TiDB is an open-source distributed SQL database built for cloud-native, data-intensive, and AI-driven applications. It is MySQL compatible and features horizontal scalability, strong consistency, and high availability. By leveraging a TiCDC replication solution for Open Mirroring, TiDB seamlessly integrates with Microsoft Fabric. This unlocks continuous, real-time data synchronization from any TiDB deployment environment into Microsoft Fabric OneLake, making your data instantly available for AI and analytics.

Open Mirroring is designed to enable Data ISVs and customers to extend Mirroring in Microsoft Fabric based on the open Delta Lake table format. This capability enables TiDB to write change data directly into a Mirrored Database in Microsoft Fabric based on the open mirroring public APIs. To learn more about Open Mirroring in Microsoft Fabric, please visit Open Mirroring in Microsoft Fabric.

In this post, we will detail the implementation of this open source integration solution and demonstrate how to configure each component, providing a detailed, step-by-step walkthrough.

Prerequisites

Deploy a TiCDC cluster to connect to your TiDB cluster, regardless of its deployment pattern (TiDB Cloud or Self-Managed) or location (in any public cloud or on-premises). Alternatively, you can use the sandbox environment provided by TiDB Labs for evaluation purposes.
A Microsoft Azure account with Fabric subscription and familiarity with Azure services, specifically Entra ID, Storage service Blobs container, Function App and Event Grid.
Basics of using Python and Python virtual environments.

Architecture Overview

Simply put, the TiCDC cluster captures incremental data changes generated by the TiDB cluster in real time as CSV files and writes them into Azure Object Storage (Blob). By having Azure Function App subscribe to the change events from Blob via Event Grid, it can invoke the open Mirroring APIs to write incremental data into the Fabric Mirrored Database in real time and integrate it into OneLake.

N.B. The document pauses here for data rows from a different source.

lemma supports_oval_extremum:
  assumes x: "x \<in> closure \<Omega>" and P: "P \<in> closure D"
    and b: "\<kappa> * norm P < b" "b < norm P" and supp: "supports \<kappa> \<Omega> \<rho> P b x"
  shows "(\<forall>y\<in>closure \<Omega>. oval_level \<kappa> P (\<rho> y *\<^sub>R y) \<le> oval_level \<kappa> P (\<rho> x *\<^sub>R x))
    \<or> (\<forall>y\<in>closure \<Omega>. oval_level \<kappa> P (\<rho> x *\<^sub>R x) \<le> oval_level \<kappa> P (\<rho> y *\<^sub>R y))"
proof (cases rule: setting_cases)
  case 1
  have h: "h2 \<kappa> y P b \<le> \<rho> y" "I1 \<kappa> P b \<le> y \<bullet> (P /\<^sub>R norm P)" if "y \<in> closure \<Omega>" for y
    using supp that 1 by (auto simp: supports_def h1_eq_h2)
  have level: "oval_level \<kappa> P (h2 \<kappa> y P b *\<^sub>R y) = b" if y: "y \<in> closure \<Omega>" for y
    using radius_bounds[OF y] h[OF y] r0_less_norm_focus[OF P]
    by (intro oval_level_h2_large[OF 1(1) norm_closure_Omega[OF y] _ b])
      (auto simp: focus_nonzero[OF P])
  have "oval_level \<kappa> P (\<rho> x *\<^sub>R x) \<le> oval_level \<kappa> P (\<rho> y *\<^sub>R y)" if y: "y \<in> closure \<Omega>" for y
  proof -
    have "oval_level \<kappa> P (\<rho> x *\<^sub>R x) = oval_level \<kappa> P (h2 \<kappa> y P b *\<^sub>R y)"
      using level[OF x] level[OF y] supports_imp_eq_h2[OF supp] by simp
    also have "\<dots> \<le> oval_level \<kappa> P (\<rho> y *\<^sub>R y)"
    proof (rule oval_level_ray_mono_large[OF _ norm_closure_Omega[OF y]])
      show "0 \<le> h2 \<kappa> y P b"
        using h2_nonneg_large[OF 1(1) _ b h(2)[OF y]] focus_nonzero[OF P] by simp
      then show "- \<kappa> * (\<rho> y + h2 \<kappa> y P b - 2 * (y \<bullet> P))
          \<le> norm (\<rho> y *\<^sub>R y - P) + norm (h2 \<kappa> y P b *\<^sub>R y - P)"
        using ray_bound_large[OF 1(1) y P] radius_bounds[OF y] h(1)[OF y] by (simp add: less_imp_le)
    qed (use 1 h(1)[OF y] in simp_all)
    finally show ?thesis .
  qed
  then show ?thesis
    by blast
next
  case 2
  have "oval_level \<kappa> P (\<rho> y *\<^sub>R y) \<le> oval_level \<kappa> P (\<rho> x *\<^sub>R x)" if y: "y \<in> closure \<Omega>" for y
  proof -
    have h: "\<rho> y \<le> h2 \<kappa> y P b"
      using supp that 2 by (auto simp: supports_def)
    then have "oval_level \<kappa> P (\<rho> y *\<^sub>R y) \<le> oval_level \<kappa> P (h2 \<kappa> y P b *\<^sub>R y)"
      using 2 radius_bounds[OF y]
      by (intro oval_level_ray_mono_small[OF _ _ norm_closure_Omega[OF y]]) auto
    also have "\<dots> = b"
      using 2 h radius_bounds[OF y]
      by (intro oval_level_h2_small[OF _ _ norm_closure_Omega[OF y]]) auto
    also have "\<dots> = oval_level \<kappa> P (\<rho> x *\<^sub>R x)"
      using oval_level_h2_small[OF 2(1,2) norm_closure_Omega[OF x]] radius_bounds[OF x]
        supports_imp_eq_h2[OF supp] by simp
    finally show ?thesis .
  qed
  then show ?thesis
    by blast
qed

lemma refractor_map_tangential:
  assumes x: "x \<in> \<Omega>" and f': "((\<lambda>y. \<rho> (y /\<^sub>R norm y)) has_derivative f') (at x)"
    and P: "P \<in> refractor_map \<kappa> \<Omega> D \<rho> x" and h: "x \<bullet> h = 0"
  shows "\<rho> x * (oval_normal \<kappa> P (\<rho> x *\<^sub>R x) \<bullet> h)
    + f' h * (oval_normal \<kappa> P (\<rho> x *\<^sub>R x) \<bullet> x) = 0"
proof -
  have xc: "x \<in> closure \<Omega>"
    using x closure_subset by blast
  obtain b where P': "P \<in> closure D" and b: "\<kappa> * norm P < b" "b < norm P"
    and supp: "supports \<kappa> \<Omega> \<rho> P b x"
    using P by (auto simp: refractor_map_def)
  have "(\<forall>y\<in>\<Omega>. oval_level \<kappa> P (\<rho> y *\<^sub>R y) \<le> oval_level \<kappa> P (\<rho> x *\<^sub>R x))
      \<or> (\<forall>y\<in>\<Omega>. oval_level \<kappa> P (\<rho> x *\<^sub>R x) \<le> oval_level \<kappa> P (\<rho> y *\<^sub>R y))"
    using supports_oval_extremum[OF xc P' b supp] closure_subset by blast
  moreover have "\<rho> x *\<^sub>R x \<noteq> 0" "\<rho> x *\<^sub>R x \<noteq> P"
    using radius_bounds[OF xc] norm_closure_Omega[OF xc] ray_point_ne_focus[OF xc P'] by auto
  ultimately have "oval_normal \<kappa> P (\<rho> x *\<^sub>R x) \<bullet> (\<rho> x *\<^sub>R h + f' h *\<^sub>R x) = 0"
    using standing h unfolding standing_def
    by (intro radial_extremum_tangential[OF _ x f' has_derivative_oval_level]) auto
  then show ?thesis
    by (simp add: inner_add_right)
qed

lemma refractor_map_unique:
  assumes x: "x \<in> \<Omega>" and diff: "(\<lambda>y. \<rho> (y /\<^sub>R norm y)) differentiable (at x)"
    and P1: "P1 \<in> refractor_map \<kappa> \<Omega> D \<rho> x" and P2: "P2 \<in> refractor_map \<kappa> \<Omega> D \<rho> x"
  shows "P1 = P2"
proof -
  have xc: "x \<in> closure \<Omega>"
    using x closure_subset by blast
  have nx: "norm x = 1" and \<rho>x: "0 < \<rho> x" "\<rho> x \<le> r0"
    using norm_closure_Omega[OF xc] radius_bounds[OF xc] by auto
  obtain f' where f': "((\<lambda>y. \<rho> (y /\<^sub>R norm y)) has_derivative f') (at x)"
    using diff unfolding differentiable_def by blast
  define X where "X = \<rho> x *\<^sub>R x"
  have focus: "P \<in> closure D" "X \<noteq> P" if "P \<in> refractor_map \<kappa> \<Omega> D \<rho> x" for P
    using that ray_point_ne_focus[OF xc _ _ \<rho>x(2)] \<rho>x(1)
    by (auto simp: refractor_map_def X_def)
  have pos: "0 < oval_normal \<kappa> P X \<bullet> x"
    and small: "\<not> \<kappa> < -1 \<Longrightarrow> 1 < oval_normal \<kappa> P X \<bullet> x"
    if "P \<in> refractor_map \<kappa> \<Omega> D \<rho> x" for P
    using oval_normal_inner_pos[OF xc focus(1)[OF that] \<rho>x] by (simp_all add: X_def)
  define c where "c = (oval_normal \<kappa> P1 X \<bullet> x) / (oval_normal \<kappa> P2 X \<bullet> x)"
  have c: "0 < c"
    using pos[OF P1] pos[OF P2] by (simp add: c_def)
  have "oval_normal \<kappa> P1 X = c *\<^sub>R oval_normal \<kappa> P2 X"
    unfolding c_def using pos[OF P1] pos[OF P2] \<rho>x
      refractor_map_tangential[OF x f' P1] refractor_map_tangential[OF x f' P2]
    by (intro parallel_of_tangential_equation[where r="\<rho> x" and f=f']) (auto simp: X_def)
  moreover have "oval_normal \<kappa> P X = x + \<kappa> *\<^sub>R sgn (X - P)" for P
    using nx \<rho>x by (simp add: X_def oval_normal_radial)
  moreover have "norm (sgn (X - P)) = 1" if "P \<in> refractor_map \<kappa> \<Omega> D \<rho> x" for P
    using focus(2)[OF that] by (simp add: norm_sgn)
  moreover have "1 < \<kappa>^2 \<or> (1 < oval_normal \<kappa> P1 X \<bullet> x \<and> 1 < oval_normal \<kappa> P2 X \<bullet> x)"
    using small[OF P1] small[OF P2] less_1_mult[of "-\<kappa>" "-\<kappa>"] by (auto simp: power2_eq_square)
  ultimately have "sgn (X - P1) = sgn (X - P2)"
    using unit_combination_parallel_eq[OF nx _ _ kappa_neg[THEN less_imp_neq] c] pos[OF P2] P1 P2
    by simp
  moreover have "X \<in> cone_r \<Omega> r0"
    using xc \<rho>x unfolding cone_r_def X_def by blast
  ultimately show ?thesis
    using focus_unique_on_ray focus[OF P1] focus[OF P2] by blast
qed

end

section \<open>Limits of refractors\<close>

lemma frequently_sequentially_reindex:
  assumes "frequently Q sequentially"
  obtains j where "filterlim j sequentially sequentially" "\<And>n. Q (j n)"
proof -
  obtain j where j: "\<forall>N. N \<le> j N \<and> Q (j N)"
    using assms unfolding frequently_sequentially by metis
  then have "filterlim j sequentially sequentially"
    by (intro filterlim_at_top_mono[OF filterlim_ident]) auto
  then show thesis
    using that j by blast
qed

locale radial_limit = radial_surface +
  fixes \<sigma> :: "nat \<Rightarrow> 'a::euclidean_space \<Rightarrow> real"
  assumes pointwise_limit: "\<And>y. y \<in> closure \<Omega> \<Longrightarrow> (\<lambda>n. \<sigma> n y) \<longlonglongrightarrow> \<rho> y"
begin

In this way, the only transform is performed by Azure Function to convert the changes from TiCDC output to OneLake ingestion format, in real-time. Fabric’s built-in tools for business intelligence, artificial intelligence, and data science can then be used directly.

To understand the solution’s architecture, this section provides a high-level overview of its key components. When you’re ready to build it, follow the detailed, step-by-step instructions in the section “A Step-by-Step Example to Table Replication: From TiDB to Microsoft Fabric.”

TiCDC Cluster

TiCDC is a tool used to capture transactional incremental data from TiDB, sort the captured data, and export row-based incremental data to downstream sinks. Similar to TiDB, the TiCDC cluster supports high-availability deployment. Multi-node, cross-AZ topologies are common in production environments.

TiCDC’s HA is achieved through TiDB’s Placement Driver (PD). The replication process consists of the following steps:

Multiple TiCDC processes pull data changes from Row Storage nodes.
TiCDC sorts and merges the data changes.
TiCDC replicates the data changes to downstream systems through replication tasks (changefeeds).

For all captured changes, TiCDC outputs them at least once. When the TiDB row storage or TiCDC cluster encounters a failure, TiCDC might send the same incremental change repeatedly.

Azure Blob Container object storage is the TiCDC downstream for the integration solution.

Azure Blob Container, Function App, and Event Grid

The arrival of changed data in the Blob container triggers an Azure Function App via Event Grid. Within the function, the following two key tasks are executed:

Transforms the TiCDC event payload into the acceptable format specified by the OneLake mirrored database.
Ingest the transformed change data into the Landing Zone of the mirrored database.

Landing Zone for the Mirrored Database

For every mirrored database, there’s a unique storage location in OneLake for metadata and delta tables. Open mirroring provides a landing zone folder for the Function app to create a metadata file and push incremental data into OneLake. Mirroring monitors these files in the landing zone and reads the folder for new tables and data added.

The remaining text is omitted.